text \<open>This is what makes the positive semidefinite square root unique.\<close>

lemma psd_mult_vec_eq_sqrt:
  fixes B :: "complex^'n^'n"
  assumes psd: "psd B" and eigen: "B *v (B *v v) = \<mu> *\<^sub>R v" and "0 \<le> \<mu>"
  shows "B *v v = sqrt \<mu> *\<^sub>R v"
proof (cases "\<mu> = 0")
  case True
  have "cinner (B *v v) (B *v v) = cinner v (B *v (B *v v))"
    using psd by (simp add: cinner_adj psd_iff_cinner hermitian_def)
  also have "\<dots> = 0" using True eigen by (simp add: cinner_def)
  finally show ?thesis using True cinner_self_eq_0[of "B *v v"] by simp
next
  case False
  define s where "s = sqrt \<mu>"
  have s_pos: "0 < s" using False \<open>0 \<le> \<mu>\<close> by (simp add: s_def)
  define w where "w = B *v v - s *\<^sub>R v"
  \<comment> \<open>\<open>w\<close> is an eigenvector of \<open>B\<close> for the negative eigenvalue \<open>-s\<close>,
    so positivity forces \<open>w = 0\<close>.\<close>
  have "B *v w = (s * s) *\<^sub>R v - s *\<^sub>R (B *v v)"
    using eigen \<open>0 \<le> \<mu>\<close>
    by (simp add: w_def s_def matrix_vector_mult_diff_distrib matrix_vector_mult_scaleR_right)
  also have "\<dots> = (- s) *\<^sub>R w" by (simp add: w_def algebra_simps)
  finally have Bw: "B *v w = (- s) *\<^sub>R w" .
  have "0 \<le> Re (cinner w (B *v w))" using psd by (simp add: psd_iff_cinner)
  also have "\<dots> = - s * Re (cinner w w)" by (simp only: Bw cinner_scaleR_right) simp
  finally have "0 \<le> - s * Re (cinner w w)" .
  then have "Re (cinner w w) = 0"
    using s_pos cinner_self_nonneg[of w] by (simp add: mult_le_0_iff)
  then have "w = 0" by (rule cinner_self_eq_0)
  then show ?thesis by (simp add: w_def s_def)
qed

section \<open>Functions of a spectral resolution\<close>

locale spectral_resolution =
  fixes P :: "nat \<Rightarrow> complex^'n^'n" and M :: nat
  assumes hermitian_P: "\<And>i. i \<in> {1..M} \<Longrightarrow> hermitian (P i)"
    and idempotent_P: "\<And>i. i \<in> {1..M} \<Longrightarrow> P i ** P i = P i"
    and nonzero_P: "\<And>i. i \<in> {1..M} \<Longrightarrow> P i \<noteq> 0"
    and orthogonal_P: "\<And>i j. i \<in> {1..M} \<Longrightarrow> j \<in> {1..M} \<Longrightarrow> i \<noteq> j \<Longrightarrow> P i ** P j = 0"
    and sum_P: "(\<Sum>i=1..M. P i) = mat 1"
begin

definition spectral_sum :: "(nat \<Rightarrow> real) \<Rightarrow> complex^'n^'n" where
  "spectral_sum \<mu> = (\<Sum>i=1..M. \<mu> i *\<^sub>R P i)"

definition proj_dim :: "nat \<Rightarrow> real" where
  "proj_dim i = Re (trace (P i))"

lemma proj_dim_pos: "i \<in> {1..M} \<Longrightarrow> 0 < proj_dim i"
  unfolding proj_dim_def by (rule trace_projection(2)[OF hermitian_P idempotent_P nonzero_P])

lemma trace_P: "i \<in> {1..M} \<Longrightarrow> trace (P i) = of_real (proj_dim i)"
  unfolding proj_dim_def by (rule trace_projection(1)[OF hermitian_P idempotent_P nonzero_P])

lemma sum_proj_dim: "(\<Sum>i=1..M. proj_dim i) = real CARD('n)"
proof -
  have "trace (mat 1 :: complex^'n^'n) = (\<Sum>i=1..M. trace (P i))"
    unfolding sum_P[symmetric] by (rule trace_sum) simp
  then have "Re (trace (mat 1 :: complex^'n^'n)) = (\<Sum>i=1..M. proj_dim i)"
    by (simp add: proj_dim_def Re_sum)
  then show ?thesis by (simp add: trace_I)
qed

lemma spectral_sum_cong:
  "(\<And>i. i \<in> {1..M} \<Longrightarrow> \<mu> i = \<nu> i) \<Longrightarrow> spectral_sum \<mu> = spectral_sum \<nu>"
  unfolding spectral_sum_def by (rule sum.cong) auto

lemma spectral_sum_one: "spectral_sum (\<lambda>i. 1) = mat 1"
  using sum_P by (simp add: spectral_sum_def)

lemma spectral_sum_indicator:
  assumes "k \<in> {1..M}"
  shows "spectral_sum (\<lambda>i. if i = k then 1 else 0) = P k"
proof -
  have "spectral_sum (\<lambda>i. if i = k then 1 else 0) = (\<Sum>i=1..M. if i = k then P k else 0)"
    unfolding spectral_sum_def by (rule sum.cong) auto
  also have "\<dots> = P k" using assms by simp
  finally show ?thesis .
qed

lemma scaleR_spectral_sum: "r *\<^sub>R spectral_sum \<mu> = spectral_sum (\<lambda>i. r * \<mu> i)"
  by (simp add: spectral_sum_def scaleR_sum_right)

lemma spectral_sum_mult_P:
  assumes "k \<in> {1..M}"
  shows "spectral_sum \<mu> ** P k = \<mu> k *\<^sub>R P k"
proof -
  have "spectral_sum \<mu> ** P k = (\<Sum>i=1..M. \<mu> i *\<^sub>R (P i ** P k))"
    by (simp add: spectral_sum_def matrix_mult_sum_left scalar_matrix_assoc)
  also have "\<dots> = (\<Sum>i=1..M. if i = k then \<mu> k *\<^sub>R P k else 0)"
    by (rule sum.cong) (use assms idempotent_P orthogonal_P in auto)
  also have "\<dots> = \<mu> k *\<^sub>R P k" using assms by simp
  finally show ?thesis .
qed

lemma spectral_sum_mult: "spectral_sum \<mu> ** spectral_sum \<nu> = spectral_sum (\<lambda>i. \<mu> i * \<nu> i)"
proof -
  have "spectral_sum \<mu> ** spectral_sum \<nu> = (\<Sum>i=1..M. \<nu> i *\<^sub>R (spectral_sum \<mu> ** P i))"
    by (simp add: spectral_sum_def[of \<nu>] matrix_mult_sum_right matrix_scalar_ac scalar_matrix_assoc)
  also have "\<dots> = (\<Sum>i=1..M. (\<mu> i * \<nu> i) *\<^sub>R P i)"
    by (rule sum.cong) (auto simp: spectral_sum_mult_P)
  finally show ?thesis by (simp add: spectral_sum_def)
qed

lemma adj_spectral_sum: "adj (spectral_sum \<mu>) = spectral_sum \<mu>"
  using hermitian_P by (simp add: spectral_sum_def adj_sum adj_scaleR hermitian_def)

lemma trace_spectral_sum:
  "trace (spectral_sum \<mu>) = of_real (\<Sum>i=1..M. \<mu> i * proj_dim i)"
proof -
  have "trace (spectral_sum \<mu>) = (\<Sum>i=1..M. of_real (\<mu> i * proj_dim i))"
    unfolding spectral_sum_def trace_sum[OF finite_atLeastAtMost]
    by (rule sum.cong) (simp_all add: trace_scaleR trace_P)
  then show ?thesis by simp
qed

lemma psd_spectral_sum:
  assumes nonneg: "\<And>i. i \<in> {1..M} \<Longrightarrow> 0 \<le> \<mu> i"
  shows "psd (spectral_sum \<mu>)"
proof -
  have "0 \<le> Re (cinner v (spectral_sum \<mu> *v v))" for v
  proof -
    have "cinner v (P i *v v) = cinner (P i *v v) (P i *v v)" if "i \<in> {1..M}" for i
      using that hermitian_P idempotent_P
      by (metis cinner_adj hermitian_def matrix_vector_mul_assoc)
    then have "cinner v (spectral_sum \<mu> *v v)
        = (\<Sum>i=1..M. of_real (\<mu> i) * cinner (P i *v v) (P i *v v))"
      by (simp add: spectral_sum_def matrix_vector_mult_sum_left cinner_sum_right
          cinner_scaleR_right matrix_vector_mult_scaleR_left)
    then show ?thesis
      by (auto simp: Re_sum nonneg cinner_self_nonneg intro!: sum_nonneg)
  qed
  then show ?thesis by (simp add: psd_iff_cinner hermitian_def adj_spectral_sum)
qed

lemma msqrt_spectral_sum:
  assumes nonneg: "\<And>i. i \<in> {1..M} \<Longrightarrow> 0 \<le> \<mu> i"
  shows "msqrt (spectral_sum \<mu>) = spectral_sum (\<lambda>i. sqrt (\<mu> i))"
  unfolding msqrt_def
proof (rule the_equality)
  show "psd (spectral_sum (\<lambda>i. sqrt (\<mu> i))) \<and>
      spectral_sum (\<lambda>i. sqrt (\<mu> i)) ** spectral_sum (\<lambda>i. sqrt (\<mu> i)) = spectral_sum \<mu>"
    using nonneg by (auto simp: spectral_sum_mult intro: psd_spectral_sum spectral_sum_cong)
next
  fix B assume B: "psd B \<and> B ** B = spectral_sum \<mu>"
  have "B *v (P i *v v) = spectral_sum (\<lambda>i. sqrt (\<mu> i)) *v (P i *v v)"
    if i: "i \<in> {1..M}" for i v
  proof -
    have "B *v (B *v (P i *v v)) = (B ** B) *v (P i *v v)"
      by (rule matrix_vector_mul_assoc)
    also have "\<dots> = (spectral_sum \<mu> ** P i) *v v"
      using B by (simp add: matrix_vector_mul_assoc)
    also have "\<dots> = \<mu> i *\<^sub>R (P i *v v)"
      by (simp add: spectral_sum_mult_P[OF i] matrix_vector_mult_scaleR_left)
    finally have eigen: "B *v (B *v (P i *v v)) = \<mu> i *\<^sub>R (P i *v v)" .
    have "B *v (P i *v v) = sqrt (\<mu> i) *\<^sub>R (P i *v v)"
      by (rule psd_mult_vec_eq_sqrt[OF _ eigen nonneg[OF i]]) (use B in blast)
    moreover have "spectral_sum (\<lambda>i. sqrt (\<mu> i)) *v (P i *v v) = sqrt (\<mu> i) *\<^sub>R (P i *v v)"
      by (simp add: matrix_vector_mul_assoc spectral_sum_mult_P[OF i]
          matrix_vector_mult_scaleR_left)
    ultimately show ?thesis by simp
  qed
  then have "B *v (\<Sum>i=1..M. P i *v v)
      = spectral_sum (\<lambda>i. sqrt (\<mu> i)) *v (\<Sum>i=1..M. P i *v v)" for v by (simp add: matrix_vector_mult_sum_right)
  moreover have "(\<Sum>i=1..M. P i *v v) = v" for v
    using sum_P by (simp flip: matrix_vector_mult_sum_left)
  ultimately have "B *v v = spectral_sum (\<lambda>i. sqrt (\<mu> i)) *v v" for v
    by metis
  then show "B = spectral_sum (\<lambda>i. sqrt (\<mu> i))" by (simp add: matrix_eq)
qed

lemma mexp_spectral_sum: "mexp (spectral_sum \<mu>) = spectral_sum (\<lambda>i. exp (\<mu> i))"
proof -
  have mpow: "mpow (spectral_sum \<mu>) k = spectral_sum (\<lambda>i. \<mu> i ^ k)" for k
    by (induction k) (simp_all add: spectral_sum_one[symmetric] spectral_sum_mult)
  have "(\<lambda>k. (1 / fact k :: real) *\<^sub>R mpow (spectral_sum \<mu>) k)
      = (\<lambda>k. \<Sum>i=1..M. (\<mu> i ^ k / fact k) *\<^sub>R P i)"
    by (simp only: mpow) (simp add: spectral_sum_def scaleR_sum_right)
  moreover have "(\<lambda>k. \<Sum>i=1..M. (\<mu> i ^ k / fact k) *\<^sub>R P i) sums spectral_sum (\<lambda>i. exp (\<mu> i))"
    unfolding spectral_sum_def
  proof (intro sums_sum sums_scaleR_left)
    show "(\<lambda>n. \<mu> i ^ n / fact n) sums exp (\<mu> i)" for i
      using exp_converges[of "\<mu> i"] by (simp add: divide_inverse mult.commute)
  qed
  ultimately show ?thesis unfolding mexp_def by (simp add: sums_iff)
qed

━━━━━━━━━━

### EXERCISE DESCRIPTION
In the entries above, identify every line with the word "else". Copy those lines.

### ANSWER FOR THIS EXERCISE
  shows "spectral_sum (\<lambda>i. if i = k then 1 else 0) = P k"
  have "spectral_sum (\<lambda>i. if i = k then 1 else 0) = (\<Sum>i=1..M. if i = k then P k else 0)"
  also have "\<dots> = (\<Sum>i=1..M. if i = k then \<mu> k *\<^sub>R P k else 0)"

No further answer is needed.